**PROBLEM:**
Repeat, line for line, the entries below from the first line to the line containing "case (Suc i)", counting both ends.

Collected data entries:

◆ ◆ ◆

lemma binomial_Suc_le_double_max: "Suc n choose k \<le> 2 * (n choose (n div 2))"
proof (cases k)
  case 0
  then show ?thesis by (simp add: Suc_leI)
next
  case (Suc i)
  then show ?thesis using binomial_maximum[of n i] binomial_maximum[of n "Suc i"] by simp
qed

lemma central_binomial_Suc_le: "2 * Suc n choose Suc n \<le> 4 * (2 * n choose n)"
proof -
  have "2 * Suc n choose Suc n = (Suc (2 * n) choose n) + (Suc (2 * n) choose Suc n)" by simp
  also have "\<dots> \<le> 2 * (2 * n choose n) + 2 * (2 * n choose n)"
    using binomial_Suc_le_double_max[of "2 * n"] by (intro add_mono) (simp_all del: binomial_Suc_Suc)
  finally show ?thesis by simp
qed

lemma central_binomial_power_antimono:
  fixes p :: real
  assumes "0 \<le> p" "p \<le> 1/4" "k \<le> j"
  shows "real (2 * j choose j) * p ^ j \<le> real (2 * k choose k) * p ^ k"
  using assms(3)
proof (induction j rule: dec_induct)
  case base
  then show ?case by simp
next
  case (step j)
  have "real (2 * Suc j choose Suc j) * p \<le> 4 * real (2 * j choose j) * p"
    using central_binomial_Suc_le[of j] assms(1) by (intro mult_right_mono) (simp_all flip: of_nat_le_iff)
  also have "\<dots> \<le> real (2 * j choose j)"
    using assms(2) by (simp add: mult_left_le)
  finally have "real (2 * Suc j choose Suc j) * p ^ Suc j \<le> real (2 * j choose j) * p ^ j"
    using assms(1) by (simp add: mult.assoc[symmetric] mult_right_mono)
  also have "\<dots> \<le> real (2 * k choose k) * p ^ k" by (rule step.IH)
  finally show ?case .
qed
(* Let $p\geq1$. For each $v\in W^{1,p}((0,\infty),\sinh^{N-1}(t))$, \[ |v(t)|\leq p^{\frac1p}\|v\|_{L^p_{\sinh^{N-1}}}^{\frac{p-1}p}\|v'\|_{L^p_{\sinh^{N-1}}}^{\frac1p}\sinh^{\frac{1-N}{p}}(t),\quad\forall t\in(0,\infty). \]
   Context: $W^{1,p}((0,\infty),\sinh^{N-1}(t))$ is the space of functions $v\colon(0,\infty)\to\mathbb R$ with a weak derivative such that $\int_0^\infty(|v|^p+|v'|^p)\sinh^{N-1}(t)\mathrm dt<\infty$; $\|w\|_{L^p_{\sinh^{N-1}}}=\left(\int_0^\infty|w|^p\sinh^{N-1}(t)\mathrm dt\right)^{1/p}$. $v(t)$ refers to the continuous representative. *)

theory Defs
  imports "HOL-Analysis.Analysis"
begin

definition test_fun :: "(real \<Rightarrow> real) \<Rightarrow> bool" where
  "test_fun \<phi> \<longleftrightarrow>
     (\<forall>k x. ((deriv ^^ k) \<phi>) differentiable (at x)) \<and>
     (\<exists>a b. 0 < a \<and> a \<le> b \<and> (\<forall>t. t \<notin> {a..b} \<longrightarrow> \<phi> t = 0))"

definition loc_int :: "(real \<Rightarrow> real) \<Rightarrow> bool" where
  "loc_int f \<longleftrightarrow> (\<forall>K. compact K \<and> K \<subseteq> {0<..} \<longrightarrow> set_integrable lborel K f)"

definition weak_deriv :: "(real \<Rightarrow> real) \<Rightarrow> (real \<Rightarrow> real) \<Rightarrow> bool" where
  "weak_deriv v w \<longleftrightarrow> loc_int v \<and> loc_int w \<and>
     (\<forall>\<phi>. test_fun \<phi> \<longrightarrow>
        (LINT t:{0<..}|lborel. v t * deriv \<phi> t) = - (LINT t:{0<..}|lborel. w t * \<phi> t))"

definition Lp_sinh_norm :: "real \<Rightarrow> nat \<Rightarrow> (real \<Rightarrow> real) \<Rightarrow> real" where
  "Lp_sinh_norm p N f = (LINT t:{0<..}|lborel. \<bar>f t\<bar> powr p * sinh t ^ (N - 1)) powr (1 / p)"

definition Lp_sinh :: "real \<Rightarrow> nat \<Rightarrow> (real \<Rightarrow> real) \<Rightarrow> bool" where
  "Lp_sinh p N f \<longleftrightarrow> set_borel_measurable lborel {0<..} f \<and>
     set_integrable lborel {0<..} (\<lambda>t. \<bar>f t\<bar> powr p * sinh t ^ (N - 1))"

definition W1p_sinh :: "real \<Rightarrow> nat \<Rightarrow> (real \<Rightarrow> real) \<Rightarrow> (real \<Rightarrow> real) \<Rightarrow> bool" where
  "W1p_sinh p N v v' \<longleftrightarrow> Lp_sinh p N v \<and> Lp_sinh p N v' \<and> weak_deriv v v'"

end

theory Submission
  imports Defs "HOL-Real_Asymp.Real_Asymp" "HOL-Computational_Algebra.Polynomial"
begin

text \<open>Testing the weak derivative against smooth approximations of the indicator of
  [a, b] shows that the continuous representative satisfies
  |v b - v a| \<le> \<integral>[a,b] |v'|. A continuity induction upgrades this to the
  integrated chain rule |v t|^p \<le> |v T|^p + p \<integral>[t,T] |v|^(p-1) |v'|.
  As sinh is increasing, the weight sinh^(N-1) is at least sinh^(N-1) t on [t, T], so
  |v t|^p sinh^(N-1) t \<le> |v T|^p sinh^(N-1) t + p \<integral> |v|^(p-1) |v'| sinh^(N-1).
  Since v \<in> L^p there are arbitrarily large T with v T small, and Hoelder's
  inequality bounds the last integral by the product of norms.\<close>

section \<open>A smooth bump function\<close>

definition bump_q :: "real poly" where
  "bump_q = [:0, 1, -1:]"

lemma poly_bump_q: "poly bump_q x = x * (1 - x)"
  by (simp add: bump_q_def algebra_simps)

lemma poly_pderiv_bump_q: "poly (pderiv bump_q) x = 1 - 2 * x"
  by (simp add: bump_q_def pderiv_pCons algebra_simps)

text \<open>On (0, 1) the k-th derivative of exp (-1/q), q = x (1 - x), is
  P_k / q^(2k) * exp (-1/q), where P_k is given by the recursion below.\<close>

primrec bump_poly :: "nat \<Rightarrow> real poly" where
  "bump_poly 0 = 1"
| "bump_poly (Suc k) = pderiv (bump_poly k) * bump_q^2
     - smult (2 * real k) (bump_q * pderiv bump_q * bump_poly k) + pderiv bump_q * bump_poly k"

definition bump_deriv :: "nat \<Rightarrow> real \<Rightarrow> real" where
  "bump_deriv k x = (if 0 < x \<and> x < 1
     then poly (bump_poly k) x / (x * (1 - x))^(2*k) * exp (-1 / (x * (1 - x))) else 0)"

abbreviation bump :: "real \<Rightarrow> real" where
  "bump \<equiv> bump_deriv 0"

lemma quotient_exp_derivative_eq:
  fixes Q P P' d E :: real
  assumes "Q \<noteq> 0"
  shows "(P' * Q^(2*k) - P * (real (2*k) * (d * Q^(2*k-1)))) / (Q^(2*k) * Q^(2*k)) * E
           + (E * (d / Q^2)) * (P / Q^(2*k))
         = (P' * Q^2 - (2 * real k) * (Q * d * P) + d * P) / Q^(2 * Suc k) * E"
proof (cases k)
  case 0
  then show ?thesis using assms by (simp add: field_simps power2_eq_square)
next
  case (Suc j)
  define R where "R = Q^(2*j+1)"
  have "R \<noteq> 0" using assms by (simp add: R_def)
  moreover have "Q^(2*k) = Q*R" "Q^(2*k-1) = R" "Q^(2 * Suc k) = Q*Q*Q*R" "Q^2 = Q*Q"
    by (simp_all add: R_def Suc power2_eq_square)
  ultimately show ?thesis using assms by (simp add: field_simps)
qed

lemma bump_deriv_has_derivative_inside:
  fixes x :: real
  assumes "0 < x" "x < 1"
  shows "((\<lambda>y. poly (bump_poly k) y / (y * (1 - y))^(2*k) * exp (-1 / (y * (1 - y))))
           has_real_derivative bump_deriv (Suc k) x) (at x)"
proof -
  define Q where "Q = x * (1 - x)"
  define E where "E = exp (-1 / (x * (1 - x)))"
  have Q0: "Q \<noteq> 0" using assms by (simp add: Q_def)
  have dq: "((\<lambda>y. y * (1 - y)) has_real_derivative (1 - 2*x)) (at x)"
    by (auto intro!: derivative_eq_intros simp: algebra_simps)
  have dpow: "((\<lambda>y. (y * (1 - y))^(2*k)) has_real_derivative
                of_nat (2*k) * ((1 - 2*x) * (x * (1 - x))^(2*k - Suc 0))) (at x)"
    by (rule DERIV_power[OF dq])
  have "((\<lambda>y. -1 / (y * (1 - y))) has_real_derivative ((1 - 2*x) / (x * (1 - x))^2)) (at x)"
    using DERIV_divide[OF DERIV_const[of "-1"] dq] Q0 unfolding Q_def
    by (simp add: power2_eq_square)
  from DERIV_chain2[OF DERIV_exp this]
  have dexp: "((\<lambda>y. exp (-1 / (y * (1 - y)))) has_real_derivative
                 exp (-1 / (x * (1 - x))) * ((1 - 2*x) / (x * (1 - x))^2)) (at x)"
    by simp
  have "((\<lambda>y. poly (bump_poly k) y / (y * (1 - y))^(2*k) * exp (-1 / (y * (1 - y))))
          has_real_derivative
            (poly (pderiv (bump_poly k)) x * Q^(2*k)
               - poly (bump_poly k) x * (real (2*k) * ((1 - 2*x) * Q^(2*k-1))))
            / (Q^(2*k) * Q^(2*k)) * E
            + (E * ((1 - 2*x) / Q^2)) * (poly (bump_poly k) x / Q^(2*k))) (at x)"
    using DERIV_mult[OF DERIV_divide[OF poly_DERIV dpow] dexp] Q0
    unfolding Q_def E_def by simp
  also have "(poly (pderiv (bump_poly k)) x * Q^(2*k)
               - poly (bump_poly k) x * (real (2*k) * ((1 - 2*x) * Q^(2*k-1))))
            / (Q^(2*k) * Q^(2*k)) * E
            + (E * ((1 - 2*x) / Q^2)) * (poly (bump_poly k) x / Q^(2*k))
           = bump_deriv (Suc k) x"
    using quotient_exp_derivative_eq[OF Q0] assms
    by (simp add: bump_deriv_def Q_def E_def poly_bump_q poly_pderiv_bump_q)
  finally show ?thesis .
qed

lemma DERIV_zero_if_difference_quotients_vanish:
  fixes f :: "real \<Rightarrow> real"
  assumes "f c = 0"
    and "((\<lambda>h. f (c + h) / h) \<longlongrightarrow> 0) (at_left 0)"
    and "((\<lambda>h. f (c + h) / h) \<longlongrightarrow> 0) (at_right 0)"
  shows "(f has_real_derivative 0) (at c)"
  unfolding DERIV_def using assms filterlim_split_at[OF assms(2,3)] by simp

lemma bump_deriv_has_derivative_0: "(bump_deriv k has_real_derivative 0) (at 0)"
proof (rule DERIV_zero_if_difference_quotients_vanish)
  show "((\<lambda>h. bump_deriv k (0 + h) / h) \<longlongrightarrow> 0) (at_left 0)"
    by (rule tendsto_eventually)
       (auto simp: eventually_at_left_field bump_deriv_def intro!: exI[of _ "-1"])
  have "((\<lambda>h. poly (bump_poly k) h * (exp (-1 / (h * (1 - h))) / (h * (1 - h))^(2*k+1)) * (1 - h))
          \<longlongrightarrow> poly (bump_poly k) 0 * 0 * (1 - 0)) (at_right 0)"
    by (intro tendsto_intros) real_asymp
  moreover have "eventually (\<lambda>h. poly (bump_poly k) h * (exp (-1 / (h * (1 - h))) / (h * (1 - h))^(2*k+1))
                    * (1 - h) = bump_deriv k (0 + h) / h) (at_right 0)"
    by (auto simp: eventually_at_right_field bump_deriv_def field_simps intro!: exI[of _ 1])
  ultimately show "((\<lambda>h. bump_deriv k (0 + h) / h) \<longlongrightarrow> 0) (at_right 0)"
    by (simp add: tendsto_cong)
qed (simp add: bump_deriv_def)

◆ ◆ ◆

**OUTPUT BELOW:**
lemma binomial_Suc_le_double_max: "Suc n choose k \<le> 2 * (n choose (n div 2))"
proof (cases k)
  case 0
  then show ?thesis by (simp add: Suc_leI)
next
  case (Suc i)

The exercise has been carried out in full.